Despite the ongoing crisis in the overburdened NSW foster care system, the number of children being adopted into permanent homes has plummeted over the past two years.
More than 15,000 children are living in temporary out of home care (OOHC) in the state. Most of these kids were removed from their birth parents by the government due to abuse or neglect and placed with foster carers.
Just 89 of these children were adopted in 2021/22, down from 162 in 2019/2020, a fall of 45 per cent.
This has sparked calls from local foster carers and advocates for government to prioritise permanency and stability for our most vulnerable children.
“The low adoption numbers do not match the urgent need for thousands of Australian children living in state care who currently don’t have a safe place to call home,” advocacy group Adopt Change said.
Most children living in OOHC have been there for more than two years and have been moved between multiple homes. Due to a shortage of foster carers, some kids are effectively living in motel rooms.
“Child protection is about what is in the best interests of the child. Ultimately, for a child to stay home or return home is the best outcome, but permanency and timeliness are of utmost importance,” Adopt Change chief executive Renee Carter said.
“Government has an important role to protect children, but not to remain their long-term parent. Children need to grow up being raised in a family home, not in institutions or motels with shift workers.”
Adoption – the permanent transfer of legal parenting rights from birth parents to adoptive parents – has been rare in Australia since the 1970s, when there was a backlash about past practices of forced adoptions from single mothers and Indigenous women.
As a result, all adoptions in Australia must now be “open”, meaning children are educated on their origin and remain in contact with birth families wherever possible. Rigorous procedures and requirements mean an open adoption can take several years to finalise.
In 2012, the former NSW Liberal government initiated reforms to make open adoption easier. This was motivated by international research which shows adopted children experience better outcomes in later life compared to those who grow up in foster care, primarily due to the stability and security adoption provides.
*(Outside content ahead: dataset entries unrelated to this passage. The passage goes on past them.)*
inductive_set tensor_rel ::
  "('k::comm_ring_1 \<Rightarrow> 'm::ab_group_add \<Rightarrow> 'm) \<Rightarrow> ('k \<Rightarrow> 'n::ab_group_add \<Rightarrow> 'n)
    \<Rightarrow> ('m \<times> 'n \<Rightarrow> 'k) set"
  for sM sN where
  zero: "(\<lambda>z. 0) \<in> tensor_rel sM sN"
| add: "f \<in> tensor_rel sM sN \<Longrightarrow> g \<in> tensor_rel sM sN \<Longrightarrow> (\<lambda>z. f z + g z) \<in> tensor_rel sM sN"
| smult: "f \<in> tensor_rel sM sN \<Longrightarrow> (\<lambda>z. c * f z) \<in> tensor_rel sM sN"
| addL: "(\<lambda>z. tdelta (m + m') n z - tdelta m n z - tdelta m' n z) \<in> tensor_rel sM sN"
| addR: "(\<lambda>z. tdelta m (n + n') z - tdelta m n z - tdelta m n' z) \<in> tensor_rel sM sN"
| scaleL: "(\<lambda>z. tdelta (sM c m) n z - c * tdelta m n z) \<in> tensor_rel sM sN"
| scaleR: "(\<lambda>z. tdelta m (sN c n) z - c * tdelta m n z) \<in> tensor_rel sM sN"

definition tsum :: "('m \<times> 'n) list \<Rightarrow> ('m \<times> 'n \<Rightarrow> 'k::comm_ring_1)" where
  "tsum xs = (\<lambda>z. (\<Sum>(m, n)\<leftarrow>xs. tdelta m n z))"

definition tensor_eq ::
  "('k::comm_ring_1 \<Rightarrow> 'm::ab_group_add \<Rightarrow> 'm) \<Rightarrow> ('k \<Rightarrow> 'n::ab_group_add \<Rightarrow> 'n)
    \<Rightarrow> ('m \<times> 'n) list \<Rightarrow> ('m \<times> 'n) list \<Rightarrow> bool" where
  "tensor_eq sM sN xs ys \<longleftrightarrow>
     (\<lambda>z. (tsum xs z :: 'k) - tsum ys z) \<in> tensor_rel sM sN"

text \<open>P is invertible, witnessed by a k-module R and a k-bilinear map beta : P \<times> R \<rightarrow> k
whose induced linear map P \<otimes>_k R \<rightarrow> k is bijective (i.e. P \<otimes>_k R \<cong> k).\<close>
definition invertible_witness ::
  "('k::comm_ring_1 \<Rightarrow> 'p::ab_group_add \<Rightarrow> 'p) \<Rightarrow> ('k \<Rightarrow> 'r::ab_group_add \<Rightarrow> 'r)
    \<Rightarrow> ('p \<Rightarrow> 'r \<Rightarrow> 'k) \<Rightarrow> bool" where
  "invertible_witness sP sR \<beta> \<longleftrightarrow> Modules.module sP \<and> Modules.module sR \<and>
     (\<forall>r. Modules.module_hom sP (*) (\<lambda>p. \<beta> p r)) \<and> (\<forall>p. Modules.module_hom sR (*) (\<lambda>r. \<beta> p r)) \<and>
     (\<forall>c. \<exists>xs. (\<Sum>(p, r)\<leftarrow>xs. \<beta> p r) = c) \<and>
     (\<forall>xs ys. (\<Sum>(p, r)\<leftarrow>xs. \<beta> p r) = (\<Sum>(p, r)\<leftarrow>ys. \<beta> p r) \<longrightarrow> tensor_eq sP sR xs ys)"

text \<open>Finitely generated projective k-module (dual basis: a direct summand of k^n).\<close>
definition fg_projective :: "('k::comm_ring_1 \<Rightarrow> 'm::ab_group_add \<Rightarrow> 'm) \<Rightarrow> bool" where
  "fg_projective sM \<longleftrightarrow> Modules.module sM \<and>
     (\<exists>bs :: ('m \<times> ('m \<Rightarrow> 'k)) list. (\<forall>(e, f)\<in>set bs. Modules.module_hom sM (*) f) \<and>
        (\<forall>m. m = (\<Sum>(e, f)\<leftarrow>bs. sM (f m) e)))"

text \<open>Frobenius system (psi, x_i, q_i, y_i) for a P-Frobenius algebra A, with the
finitely many triples (x_i, q_i, y_i) given as a list.\<close>
definition frobenius_system ::
  "('k::comm_ring_1 \<Rightarrow> 'a::ring_1 \<Rightarrow> 'a) \<Rightarrow> ('k \<Rightarrow> 'p::ab_group_add \<Rightarrow> 'p)
    \<Rightarrow> ('a \<Rightarrow> 'p) \<Rightarrow> ('a \<times> ('p \<Rightarrow> 'k) \<times> 'a) list \<Rightarrow> bool" where
  "frobenius_system sA sP \<psi> xqy \<longleftrightarrow>
     Modules.module_hom sA sP \<psi> \<and>
     (\<forall>a b. (\<lambda>x. \<psi> (a * x)) = (\<lambda>x. \<psi> (b * x)) \<longrightarrow> a = b) \<and>
     (\<forall>f. Modules.module_hom sA sP f \<longrightarrow> (\<exists>a. f = (\<lambda>x. \<psi> (a * x)))) \<and>
     (\<forall>(x, q, y)\<in>set xqy. Modules.module_hom sP (*) q) \<and>
     (\<forall>a. (\<Sum>(x, q, y)\<leftarrow>xqy. sA (q (\<psi> (y * a))) x) = a) \<and>
     (\<forall>a. (\<Sum>(x, q, y)\<leftarrow>xqy. sA (q (\<psi> (a * x))) y) = a)"

text \<open>P-Frobenius: finitely generated projective and A_A \<cong> Hom_k(A,P)_A.\<close>
definition P_Frobenius ::
  "('k::comm_ring_1 \<Rightarrow> 'a::ring_1 \<Rightarrow> 'a) \<Rightarrow> ('k \<Rightarrow> 'p::ab_group_add \<Rightarrow> 'p) \<Rightarrow> bool" where
  "P_Frobenius sA sP \<longleftrightarrow> fg_projective sA \<and>
     (\<exists>\<phi> :: 'a \<Rightarrow> 'a \<Rightarrow> 'p. bij_betw \<phi> UNIV {f. Modules.module_hom sA sP f} \<and>
        (\<forall>a b c. \<phi> (a + b) = (\<lambda>x. \<phi> a x + \<phi> b x) \<and> \<phi> (a * c) = (\<lambda>x. \<phi> a (c * x))))"

definition morita_invertible ::
  "('k::comm_ring_1 \<Rightarrow> 'a::ring_1 \<Rightarrow> 'a) \<Rightarrow> (('p \<Rightarrow> 'k) \<times> 'a) list \<Rightarrow> bool" where
  "morita_invertible sA u \<longleftrightarrow>
     (\<exists>pb :: ('p \<times> 'a) list.
        (\<Sum>(q, a)\<leftarrow>u. \<Sum>(p, b)\<leftarrow>pb. sA (q p) (a * b)) = 1)"

definition strongly_separable :: "('k::comm_ring_1 \<Rightarrow> 'a::ring_1 \<Rightarrow> 'a) \<Rightarrow> bool" where
  "strongly_separable sA \<longleftrightarrow>
     (\<exists>e :: ('a \<times> 'a) list. (\<Sum>(z, w)\<leftarrow>e. z * w) = 1 \<and>
        (\<forall>a. tensor_eq sA sA (map (\<lambda>(z, w). (z * a, w)) e) (map (\<lambda>(z, w). (z, a * w)) e)))"

end

theory Submission
  imports Defs "HOL-Library.Groups_Big_Fun"
begin

text \<open>Let \<open>u\<inverse> = \<Sum>\<^sub>j p\<^sub>j \<otimes> b\<^sub>j\<close> and
\<open>e = \<Sum>\<^sub>i\<^sub>,\<^sub>j y\<^sub>i \<otimes> q\<^sub>i(p\<^sub>j) x\<^sub>i b\<^sub>j\<close>. Multiplying out \<open>e\<close> gives
\<open>\<Sum>\<^sub>i\<^sub>,\<^sub>j q\<^sub>i(p\<^sub>j) y\<^sub>i x\<^sub>i b\<^sub>j = 1\<close>, which is the Morita-invertibility of \<open>u\<close>.
To see \<open>e a = a e\<close>, expand \<open>y\<^sub>i a\<close> with the second and \<open>a x\<^sub>i\<close> with the first
identity of the Frobenius system: both sides become double sums over \<open>i, k\<close> which agree after
exchanging \<open>i\<close> and \<open>k\<close>, because \<open>q(p) q'(t) = q(t) q'(p)\<close> for linear forms \<open>q, q'\<close>
on the invertible module \<open>P\<close>. The latter holds since the flip of \<open>P \<otimes> P\<close> acts by a
scalar \<open>\<gamma>\<close>, and \<open>(1 - \<gamma>) \<beta>(z,s)\<^sup>2 = 0\<close> for all \<open>z, s\<close> forces \<open>\<gamma> = 1\<close> because the
values of \<open>\<beta>\<close> generate the unit ideal.\<close>

lemma (in additive) sum_list: "f (\<Sum>x\<leftarrow>xs. g x) = (\<Sum>x\<leftarrow>xs. f (g x))"
  by (induction xs) (simp_all add: add zero)

lemma sum_list_swap:
  "(\<Sum>i\<leftarrow>is. \<Sum>k\<leftarrow>ks. f i k) = (\<Sum>k\<leftarrow>ks. \<Sum>i\<leftarrow>is. (f i k :: 'a::comm_monoid_add))"
  by (induction "is") (auto simp: sum_list_addf)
“Unfortunately, the NSW Labor Government hasn’t shown a strong commitment to open adoption in NSW,” former NSW Liberal families minister Natasha McLaren-Jones said.
“We know the sooner a child in care achieves a permanent home, the better their long-term outcomes. Under the Liberal and Nationals government, we made increasing permanency for children in out of home care a premier’s priority.”
Adoption numbers increased substantially under the former government between 2013 and 2019, though the downward trend since 2020 started before the current Labor Government came into power.
“The Minns Labor Government is committed to reducing the number of children entering out-of-home care in NSW whilst also reducing the number who are in foster care through family restoration, guardianship and open adoption,” Families Minister Kate Washington said.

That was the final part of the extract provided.